This may entail passing a data stream of transactions to a load or
commitment operation associated with the database. The stream
itself can be processed in parallel by multiple different instances
of available operators. The order of processing the files is
user-defined.
[0023] In an embodiment, at 121, the real-time database transaction
processing service recognizes the user-defined order as a time
sequence or a serial order that is dictated by time. Here, each
file within the directory includes as part of its name within the
directory date and time stamps. The part of the file's name that
includes the date and time stamps assist the real-time database
transaction processing service in resolving the proper time
sequence for the user-defined and user-directed order.
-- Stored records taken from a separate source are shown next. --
(* Let $N\ge2$ and let $\mathcal F_{M,N}$ be the free $\Bbbk$-module on symbols $\bar M_0,\dots,\bar M_{N-1}$. For $l,m,k\ge0$ with $l+m+k+1=N$ put $Z_M^{l,m,k}:=\sum_{j=0}^m(-1)^j\binom mj\bar M_{l+j}$. For $0\le k\le\lfloor N/2\rfloor-1$ put $X_k:=Z_M^{k,k+1,N-2k-2}-Z_M^{k+1,k,N-2k-2}$, and for $j\ge0$, $s\ge1$ with $2j+s\le N-1$ put $X_j^{(s)}:=Z_M^{j,j+s,N-2j-s-1}-Z_M^{j+s,j,N-2j-s-1}$. Then: (i) $X_j^{(s)}=\sum_{k=0}^{\lfloor (s-1)/2\rfloor}(-1)^k\binom{s-k-1}{k}X_{j+k}$ for all such $j,s$; (ii) $X_0,\dots,X_{\lfloor N/2\rfloor-1}$ are $\Bbbk$-linearly independent in $\mathcal F_{M,N}$; (iii) the assignment $Z^{l,m,k}\mapsto$ (class of $Z_M^{l,m,k}$) extends to a well-defined isomorphism of $\Bbbk$-modules $\mathcal{ZF}_N\xrightarrow{\sim}\mathcal F_{M,N}/\langle X_0,\dots,X_{\lfloor N/2\rfloor-1}\rangle$.
   Context: $\Bbbk$ is a commutative ring. $\mathcal F_N$ is the free $\Bbbk$-module on symbols $F^{l,m,k}$, $l,m,k\ge0$, $l+m+k+1=N$; $\mathcal{ZF}_N:=\mathcal F_N/I$ with $I$ generated by all $F^{l,m,k}-F^{m,l,k}$ and all $F^{l,m+1,k}+F^{l+1,m,k}-F^{l,m,k+1}$; $Z^{l,m,k}$ denotes the image of $F^{l,m,k}$. *)

theory Defs
  imports Main
begin

text \<open>Elements of the free module F_{M,N} on symbols M_0..M_{N-1} are represented as
  coordinate functions v :: nat => 'a vanishing at indices >= N.
  Elements of the free module F_N on symbols F^{l,m,k} (l+m+k+1 = N) are represented as
  coordinate functions on triples, vanishing outside the index set.\<close>

definition FM :: "nat \<Rightarrow> (nat \<Rightarrow> 'a::comm_ring_1) set" where
  "FM N = {v. \<forall>i\<ge>N. v i = 0}"

definition basisM :: "nat \<Rightarrow> nat \<Rightarrow> 'a::comm_ring_1" where
  "basisM i = (\<lambda>x. if x = i then 1 else 0)"

definition ZM :: "nat \<Rightarrow> nat \<Rightarrow> nat \<Rightarrow> nat \<Rightarrow> 'a::comm_ring_1" where
  "ZM l m k = (\<lambda>x. \<Sum>j\<le>m. (-1)^j * of_nat (m choose j) * basisM (l + j) x)"

definition Xk :: "nat \<Rightarrow> nat \<Rightarrow> nat \<Rightarrow> 'a::comm_ring_1" where
  "Xk N k = (\<lambda>x. ZM k (k+1) (N - 2*k - 2) x - ZM (k+1) k (N - 2*k - 2) x)"

definition Xjs :: "nat \<Rightarrow> nat \<Rightarrow> nat \<Rightarrow> nat \<Rightarrow> 'a::comm_ring_1" where
  "Xjs N j s = (\<lambda>x. ZM j (j+s) (N - 2*j - s - 1) x - ZM (j+s) j (N - 2*j - s - 1) x)"

definition spanX :: "nat \<Rightarrow> (nat \<Rightarrow> 'a::comm_ring_1) set" where
  "spanX N = {v. \<exists>c. v = (\<lambda>x. \<Sum>k<N div 2. c k * Xk N k x)}"

definition Tidx :: "nat \<Rightarrow> (nat \<times> nat \<times> nat) set" where
  "Tidx N = {(l,m,k). l + m + k + 1 = N}"

definition FF :: "nat \<Rightarrow> (nat \<times> nat \<times> nat \<Rightarrow> 'a::comm_ring_1) set" where
  "FF N = {a. \<forall>t. t \<notin> Tidx N \<longrightarrow> a t = 0}"

definition basisF :: "nat \<times> nat \<times> nat \<Rightarrow> nat \<times> nat \<times> nat \<Rightarrow> 'a::comm_ring_1" where
  "basisF u = (\<lambda>t. if t = u then 1 else 0)"

definition Irel :: "nat \<Rightarrow> (nat \<times> nat \<times> nat \<Rightarrow> 'a::comm_ring_1) set" where
  "Irel N = {r. \<exists>a b. r = (\<lambda>t.
      (\<Sum>(l,m,k)\<in>Tidx N. a (l,m,k) * (basisF (l,m,k) t - basisF (m,l,k) t))
    + (\<Sum>(l,m,k)\<in>{(l,m,k). l + m + k + 2 = N}.
         b (l,m,k) * (basisF (l,m+1,k) t + basisF (l+1,m,k) t - basisF (l,m,k+1) t)))}"

definition phiZ :: "nat \<Rightarrow> (nat \<times> nat \<times> nat \<Rightarrow> 'a::comm_ring_1) \<Rightarrow> nat \<Rightarrow> 'a" where
  "phiZ N a = (\<lambda>x. \<Sum>(l,m,k)\<in>Tidx N. a (l,m,k) * ZM l m k x)"

end

theory Submission
  imports Defs "HOL-Computational_Algebra.Polynomial"
begin

(*
  Read a coefficient function on {0..N-1} as a polynomial, M_i as x^i. Then Z_M^{l,m,k} is
  x^l (1 - x)^m and X_k is (x (1 - x))^k (1 - 2x). With a = 1 - x and b = x we have a + b = 1,
  hence a^s - b^s = (a - b) U_s(ab) for the Lucas sequence U_s(1, ab); expanding U_s gives (i).
  The lowest term of X_k is x^k, which gives (ii).

  For (iii), a relation F^{l,m,k} - F^{m,l,k} is mapped by (i) into the span of the X_k, and
  F^{l,m+1,k} + F^{l+1,m,k} - F^{l,m,k+1} is mapped to x^l (1 - x)^m (a + b - 1) = 0.
  Conversely, modulo the relations every F^{l,m,k} is a combination of the F^{i,N-1-i,0} with
  N div 2 <= i < N. Their images x^i (1 - x)^(N-1-i), together with X_0, ..., X_(N div 2 - 1),
  form a unitriangular family of N polynomials, so no nonzero combination of the former lies in
  the span of the latter. Surjectivity holds because F^{l,0,N-1-l} is mapped to x^l.
*)

section \<open>Lucas sequences\<close>

fun lucas_U :: "nat \<Rightarrow> 'a::comm_ring_1 \<Rightarrow> 'a" where
  "lucas_U 0 q = 0"
| "lucas_U (Suc 0) q = 1"
| "lucas_U (Suc (Suc n)) q = lucas_U (Suc n) q - q * lucas_U n q"

lemma diff_power_eq_lucas_U:
  fixes a b :: "'a::comm_ring_1"
  assumes "a + b = 1"
  shows "a ^ n - b ^ n = (a - b) * lucas_U n (a * b)"
proof (induction n "a * b" rule: lucas_U.induct)
  case (3 n)
  have "a ^ Suc (Suc n) - b ^ Suc (Suc n)
      = (a + b) * (a ^ Suc n - b ^ Suc n) - a * b * (a ^ n - b ^ n)"
    by (simp add: algebra_simps)
  also have "\<dots> = (a - b) * (lucas_U (Suc n) (a * b) - a * b * lucas_U n (a * b))"
    by (simp only: 3 assms) (simp add: algebra_simps)
  finally show ?case
    by simp
qed simp_all

lemma lucas_U_Suc_eq_sum:
  "lucas_U (Suc n) q = (\<Sum>k\<le>n. (-1) ^ k * of_nat ((n - k) choose k) * q ^ k)"
proof (induction n rule: induct_nat_012)
  case (ge2 n)
  define t where "t m k = (-1) ^ k * of_nat ((m - k) choose k) * q ^ k" for m k
  have pascal: "t (Suc (Suc n)) (Suc k) = t (Suc n) (Suc k) - q * t n k" if "k \<le> Suc n" for k
  proof (cases "k \<le> n")
    case True
    then have "Suc n - k = Suc (n - k)" by simp
    then show ?thesis by (simp add: t_def algebra_simps)
  next
    case False
    with that have "k = Suc n" by simp
    then show ?thesis by (simp add: t_def)
  qed
  have "lucas_U (Suc (Suc (Suc n))) q = (\<Sum>k\<le>Suc n. t (Suc n) k) - q * (\<Sum>k\<le>n. t n k)"
    using ge2 by (simp add: t_def)
  also have "(\<Sum>k\<le>n. t n k) = (\<Sum>k\<le>Suc n. t n k)"
    by (simp add: t_def)
  also have "(\<Sum>k\<le>Suc n. t (Suc n) k) = 1 + (\<Sum>k\<le>Suc n. t (Suc n) (Suc k))"
    by (subst sum.atMost_Suc_shift) (simp add: t_def)
  also have "1 + (\<Sum>k\<le>Suc n. t (Suc n) (Suc k)) - q * (\<Sum>k\<le>Suc n. t n k)
      = 1 + (\<Sum>k\<le>Suc n. t (Suc (Suc n)) (Suc k))"
    by (simp add: pascal sum_subtractf sum_distrib_left del: sum.atMost_Suc)
  also have "\<dots> = (\<Sum>k\<le>Suc (Suc n). t (Suc (Suc n)) k)"
    by (subst (2) sum.atMost_Suc_shift) (simp add: t_def)
  finally show ?case
    by (simp add: t_def)
qed simp_all

lemma lucas_U_Suc_eq_sum_half:
  "lucas_U (Suc n) q = (\<Sum>k\<le>n div 2. (-1) ^ k * of_nat ((n - k) choose k) * q ^ k)"
  unfolding lucas_U_Suc_eq_sum
proof (rule sum.mono_neutral_right)
  show "\<forall>k\<in>{..n} - {..n div 2}. (-1) ^ k * of_nat ((n - k) choose k) * q ^ k = 0"
  proof
    fix k assume "k \<in> {..n} - {..n div 2}"
    then have "n - k < k" by auto
    then show "(-1) ^ k * of_nat ((n - k) choose k) * q ^ k = 0" by (simp add: binomial_eq_0)
  qed
qed auto

section \<open>The generators as polynomial coefficients\<close>

lemma coeff_one_minus_X_power:
  "coeff ([:1, -1:] ^ m :: 'a::comm_ring_1 poly) i = (-1) ^ i * of_nat (m choose i)"
proof (cases "i \<le> m")
  case True
  then show ?thesis by (simp add: coeff_linear_poly_power)
next
  case False
  then have "degree ([:1, -1:] ^ m :: 'a poly) < i"
    using degree_power_le[of "[:1, -1:] :: 'a poly" m] by simp
  with False show ?thesis by (simp add: coeff_eq_0 binomial_eq_0)
qed

lemma coeff_signed_of_nat_mult:
  "coeff ((-1) ^ k * of_nat c * p) x = (-1) ^ k * of_nat c * (coeff p x :: 'a::comm_ring_1)"
  by (induction k) (simp_all add: of_nat_mult_conv_smult)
[0024] It is noted that the user can also provide a sort order for
the files within the directory by creating files in a directory
based on time order, and the real-time database transaction
processing service can process the files within the directory based
on file creation order. Any user-defined criteria can be used to
define the order for the files being maintained in the
directory.
[0025] At 130, the real-time database transaction processing
service initiates a checkpoint operation to indicate when each of
the files has been processed to the database. That is, a checkpoint
operation indicates that particular files have been successfully
sent for commitment and processing to the database and do not have
to be repeated in the event of a failure. So, should the real-time
database transaction processing service fail, files that have
already been processed will not be re-processed again when the
real-time database transaction processing service successfully
comes online again.
[0026] According to an embodiment, at 131, the real-time database
transaction processing service moves each of the files once the
checkpoint operation successfully completes to an archive
directory. This ensures that if a failure occurs these files are
not even looked at for reprocessing and it also ensures that
transaction logs, version history, and backup procedures can still
access these files in the event that unexpected operations occur or
unauthorized operations occur after the files are processed to the
database.
[0027] In one situation, at 140, the entire method 100 is iterated
and processed at a user-defined start time for user-defined
intervals until a user-defined end time is reached. So, for
example, a user may start processing files at 1:00 am and continue
until 7:00 am and process every 10 minutes. The start and end times
can be open ended to achieve true real-time processing.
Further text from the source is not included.